-- Stored items --
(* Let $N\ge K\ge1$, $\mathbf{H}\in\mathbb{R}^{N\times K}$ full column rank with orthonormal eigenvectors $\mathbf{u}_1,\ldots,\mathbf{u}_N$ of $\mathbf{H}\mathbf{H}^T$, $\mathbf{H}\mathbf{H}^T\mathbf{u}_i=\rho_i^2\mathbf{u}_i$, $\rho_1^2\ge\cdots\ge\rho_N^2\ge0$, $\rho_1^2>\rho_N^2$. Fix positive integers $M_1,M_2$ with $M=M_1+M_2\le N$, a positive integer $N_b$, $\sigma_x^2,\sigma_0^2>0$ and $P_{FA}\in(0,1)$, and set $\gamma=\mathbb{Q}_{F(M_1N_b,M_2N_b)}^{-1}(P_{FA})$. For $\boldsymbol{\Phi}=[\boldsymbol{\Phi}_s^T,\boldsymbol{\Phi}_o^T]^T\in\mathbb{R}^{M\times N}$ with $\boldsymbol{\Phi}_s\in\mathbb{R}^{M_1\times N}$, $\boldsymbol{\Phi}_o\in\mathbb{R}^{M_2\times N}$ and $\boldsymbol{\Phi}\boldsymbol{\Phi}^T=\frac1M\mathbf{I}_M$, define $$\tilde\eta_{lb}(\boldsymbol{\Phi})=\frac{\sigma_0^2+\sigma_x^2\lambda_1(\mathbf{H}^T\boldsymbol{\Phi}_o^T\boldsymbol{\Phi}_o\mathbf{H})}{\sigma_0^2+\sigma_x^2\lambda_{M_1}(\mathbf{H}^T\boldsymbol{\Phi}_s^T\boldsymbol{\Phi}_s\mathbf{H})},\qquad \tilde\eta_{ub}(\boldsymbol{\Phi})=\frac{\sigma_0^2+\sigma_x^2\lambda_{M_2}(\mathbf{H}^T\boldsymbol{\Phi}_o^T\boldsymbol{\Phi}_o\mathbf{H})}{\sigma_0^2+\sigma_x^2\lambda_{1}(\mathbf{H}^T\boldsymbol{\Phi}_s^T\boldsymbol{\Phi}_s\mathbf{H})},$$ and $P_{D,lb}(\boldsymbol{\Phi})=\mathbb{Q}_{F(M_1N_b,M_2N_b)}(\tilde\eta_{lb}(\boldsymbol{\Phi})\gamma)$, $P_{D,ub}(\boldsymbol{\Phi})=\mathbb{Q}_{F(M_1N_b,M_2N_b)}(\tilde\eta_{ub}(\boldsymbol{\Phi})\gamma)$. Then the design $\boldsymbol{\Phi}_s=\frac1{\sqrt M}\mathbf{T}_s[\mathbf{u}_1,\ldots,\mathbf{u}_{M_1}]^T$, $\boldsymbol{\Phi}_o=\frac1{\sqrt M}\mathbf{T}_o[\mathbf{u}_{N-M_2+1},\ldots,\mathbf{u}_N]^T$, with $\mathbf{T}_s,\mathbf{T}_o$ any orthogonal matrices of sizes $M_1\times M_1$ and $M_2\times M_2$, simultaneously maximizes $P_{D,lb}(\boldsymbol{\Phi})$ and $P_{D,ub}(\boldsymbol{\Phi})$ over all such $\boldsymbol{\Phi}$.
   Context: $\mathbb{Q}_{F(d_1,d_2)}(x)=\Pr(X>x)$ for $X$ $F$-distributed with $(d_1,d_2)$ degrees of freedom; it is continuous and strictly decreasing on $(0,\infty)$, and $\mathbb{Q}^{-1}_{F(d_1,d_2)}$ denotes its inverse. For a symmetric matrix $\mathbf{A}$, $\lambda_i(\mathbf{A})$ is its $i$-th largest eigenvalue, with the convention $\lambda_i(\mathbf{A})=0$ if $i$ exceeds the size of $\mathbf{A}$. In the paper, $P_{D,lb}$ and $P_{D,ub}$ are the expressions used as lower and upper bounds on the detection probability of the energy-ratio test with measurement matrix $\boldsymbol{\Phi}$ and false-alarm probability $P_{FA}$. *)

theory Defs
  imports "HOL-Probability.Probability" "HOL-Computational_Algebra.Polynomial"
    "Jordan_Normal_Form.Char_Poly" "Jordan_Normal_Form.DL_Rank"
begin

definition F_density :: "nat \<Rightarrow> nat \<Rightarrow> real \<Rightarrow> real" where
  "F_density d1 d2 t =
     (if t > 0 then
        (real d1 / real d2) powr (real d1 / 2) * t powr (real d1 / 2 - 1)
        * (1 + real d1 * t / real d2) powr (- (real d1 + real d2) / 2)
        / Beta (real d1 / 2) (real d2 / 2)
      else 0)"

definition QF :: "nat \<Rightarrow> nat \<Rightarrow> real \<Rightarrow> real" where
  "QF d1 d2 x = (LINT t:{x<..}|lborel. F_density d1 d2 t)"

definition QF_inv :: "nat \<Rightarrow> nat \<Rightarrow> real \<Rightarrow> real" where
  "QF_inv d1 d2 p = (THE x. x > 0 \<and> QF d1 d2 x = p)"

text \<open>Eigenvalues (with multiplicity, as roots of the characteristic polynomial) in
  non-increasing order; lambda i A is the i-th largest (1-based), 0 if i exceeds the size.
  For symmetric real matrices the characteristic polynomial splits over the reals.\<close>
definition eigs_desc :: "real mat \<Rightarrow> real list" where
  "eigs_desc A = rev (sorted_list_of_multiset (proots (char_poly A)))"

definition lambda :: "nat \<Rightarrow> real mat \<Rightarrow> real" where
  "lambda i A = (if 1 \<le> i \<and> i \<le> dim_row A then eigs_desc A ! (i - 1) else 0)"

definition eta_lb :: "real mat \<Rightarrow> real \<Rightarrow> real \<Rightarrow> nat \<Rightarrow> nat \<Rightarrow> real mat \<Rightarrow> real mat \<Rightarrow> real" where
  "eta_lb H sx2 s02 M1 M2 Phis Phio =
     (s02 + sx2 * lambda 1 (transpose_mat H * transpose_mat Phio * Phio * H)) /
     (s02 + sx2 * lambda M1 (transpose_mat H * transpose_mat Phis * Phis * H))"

-- Task prompt --
The reply should consist solely of the lines above from the one that has "(real d2 / 2)" through the one that has "0 \<and> QF", reproduced exactly.

-- Reply to the task --
        / Beta (real d1 / 2) (real d2 / 2)
      else 0)"

definition QF :: "nat \<Rightarrow> nat \<Rightarrow> real \<Rightarrow> real" where
  "QF d1 d2 x = (LINT t:{x<..}|lborel. F_density d1 d2 t)"

definition QF_inv :: "nat \<Rightarrow> nat \<Rightarrow> real \<Rightarrow> real" where
  "QF_inv d1 d2 p = (THE x. x > 0 \<and> QF d1 d2 x = p)"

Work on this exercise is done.